There’s an extraordinary video blog I’ve been following for a while which chronicles the cancer adventures of a man named David and it’s been heartening to me, watching someone talk so freely and openly about what it’s like to face the realities of catastrophic illness and the possibility of impending death. David is very engaging.
I was a little late to his most recent post (posted back in June) but it appears that after a glorious period of remission his cancer is back, with a vengeance, and the prospect of impending death has now turned into the certainty of it. This video addresses the various thoughts coming up for him around the sudden turn of events.
I HIGHLY RECOMMEND WATCHING THIS for anyone who’s ever wondered what in the world they’re supposed to say to someone who’s dying.
It’s about ten minutes long and worth every second. David covers what it feels like to have people tell him that he still looks great, or talk about/plan future events that he’s not likely to share in, or in other ways try to skirt or deny his new dawning reality and place him in a position of having to pretend like everything’s still okay.
Then…and this is the extraordinary part for me…he talks about what it’s really like living in the constant awareness that everything he’s now experiencing is probably for the last time. How in some moments he experiences great fear of the passage to come and how at other times the world around him is highlighted with an exquisite, poignant beauty that’s both heartbreaking and luminous.

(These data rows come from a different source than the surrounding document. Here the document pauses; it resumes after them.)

definition sublevel_estimate :: "(real \<Rightarrow> complex) \<Rightarrow> real \<Rightarrow> real \<Rightarrow> bool" where
  "sublevel_estimate g C \<alpha> \<longleftrightarrow>
     (\<forall>a \<epsilon>. 0 < \<epsilon> \<longrightarrow> \<epsilon> \<le> 1 \<longrightarrow> measure lborel {y\<in>{a..a+1}. norm (g y) < \<epsilon>} \<le> C * \<epsilon> powr \<alpha>)"

lemma sublevel_estimate_const_norm:
  assumes "\<And>y. norm (g y) = r" "r > 0"
  shows "sublevel_estimate g (1 / r) 1"
  unfolding sublevel_estimate_def
proof (intro allI impI)
  fix a \<epsilon> :: real assume "0 < \<epsilon>" "\<epsilon> \<le> 1"
  show "measure lborel {y\<in>{a..a+1}. norm (g y) < \<epsilon>} \<le> 1 / r * \<epsilon> powr 1"
  proof (cases "\<epsilon> \<le> r")
    case True
    then have empty: "{y\<in>{a..a+1}. norm (g y) < \<epsilon>} = {}" using assms(1) by auto
    show ?thesis unfolding empty using \<open>0 < \<epsilon>\<close> \<open>r > 0\<close> by simp
  next
    case False
    have "measure lborel {y\<in>{a..a+1}. norm (g y) < \<epsilon>} \<le> (a + 1) - a"
      by (rule measure_le_of_subset_interval) (use assms(1) in auto)
    also have "\<dots> \<le> 1 / r * \<epsilon> powr 1" using False \<open>0 < \<epsilon>\<close> \<open>r > 0\<close> by simp
    finally show ?thesis .
  qed
qed

lemma measure_small_with_large_derivative:
  fixes Q Q' Q'' :: "real \<Rightarrow> complex"
  assumes Q': "\<And>t. (Q has_vector_derivative Q' t) (at t)"
    and Q'': "\<And>t. (Q' has_vector_derivative Q'' t) (at t)"
    and bound: "\<And>t. norm (Q'' t) \<le> \<Lambda>" and "\<Lambda> > 0" and "\<delta> > 0" and "\<epsilon> > 0"
  shows "measure lborel {y\<in>{a..a+1}. norm (Q y) < \<epsilon> \<and> \<delta> \<le> norm (Q' y)}
           \<le> (2 * \<Lambda> / \<delta> + 2) * (8 * \<epsilon> / \<delta>)"
proof -
  let ?G = "{y\<in>{a..a+1}. norm (Q y) < \<epsilon> \<and> \<delta> \<le> norm (Q' y)}"
  define \<rho> where "\<rho> = \<delta> / (2 * \<Lambda>)"
  have "\<rho> > 0" unfolding \<rho>_def using assms by simp
  have cont: "continuous_on UNIV Q" "continuous_on UNIV Q'"
    using Q' Q'' by (auto intro!: continuous_at_imp_continuous_on has_vector_derivative_continuous)
  have G_eq: "?G = {y\<in>{y\<in>{a..a+1}. norm (Q y) < \<epsilon>}. \<delta> \<le> norm (Q' y)}" by auto
  have sets_G: "?G \<in> sets lborel"
    unfolding G_eq by (intro sets_lborel_norm_ge sets_lborel_norm_less cont) auto
  have "measure lborel ?G \<le> (1 / \<rho> + 2) * (8 * \<epsilon> / \<delta>)"
  proof (rule measure_le_of_pieces[OF _ sets_G \<open>\<rho> > 0\<close>])
    show "?G \<subseteq> {a..a+1}" by blast
  next
    fix k :: nat
    let ?T = "?G \<inter> {a + real k * \<rho> .. a + (real k + 1) * \<rho>}"
    have diam: "\<bar>y - y0\<bar> \<le> 4 * \<epsilon> / \<delta>" if "y \<in> ?T" "y0 \<in> ?T" for y y0
    proof -
      have "(real k + 1) * \<rho> = real k * \<rho> + \<rho>" by (simp add: algebra_simps)
      then have "\<bar>y - y0\<bar> \<le> \<rho>" using that by (simp add: abs_le_iff)
      then show ?thesis
        using dist_le_of_small_values_large_derivative[OF Q' Q'' bound \<open>\<Lambda> > 0\<close> \<open>\<delta> > 0\<close>] that
        unfolding \<rho>_def by auto
    qed
    have "?T \<in> sets lborel" using sets_G by (rule sets.Int) simp
    then have "measure lborel ?T \<le> 2 * (4 * \<epsilon> / \<delta>)"
      by (rule measure_le_of_diameter_le[OF _ diam]) (use \<open>\<delta> > 0\<close> \<open>\<epsilon> > 0\<close> in auto)
    then show "measure lborel ?T \<le> 8 * \<epsilon> / \<delta>" by simp
  qed
  moreover have "1 / \<rho> = 2 * \<Lambda> / \<delta>" unfolding \<rho>_def by simp
  ultimately show ?thesis by (simp only:)
qed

These are the kinds of things that all dying people think about but usually find it difficult to share. David is brave and articulate enough to step up to the plate and actually tell you about it. I warmly invite you to take advantage of this rare opportunity and learn from him. It’ll hopefully help make your next encounter with someone who’s dying more nourishing and comfortable for you both.
UPDATE: The hubster pointed out that, in spite of the promise in this post’s title, neither David nor I gave any explicit instructions about how to talk to someone who’s dying. (It wasn’t David’s intention in the first place and I…well, I just dropped the ball.) To remedy the lapse:
In a nutshell, don’t run, don’t deny, don’t deflect. Instead, listen carefully to what they’re trying to tell you, let it in, then follow their lead….as best you can of course. There’s always a learning curve so be patient with yourself.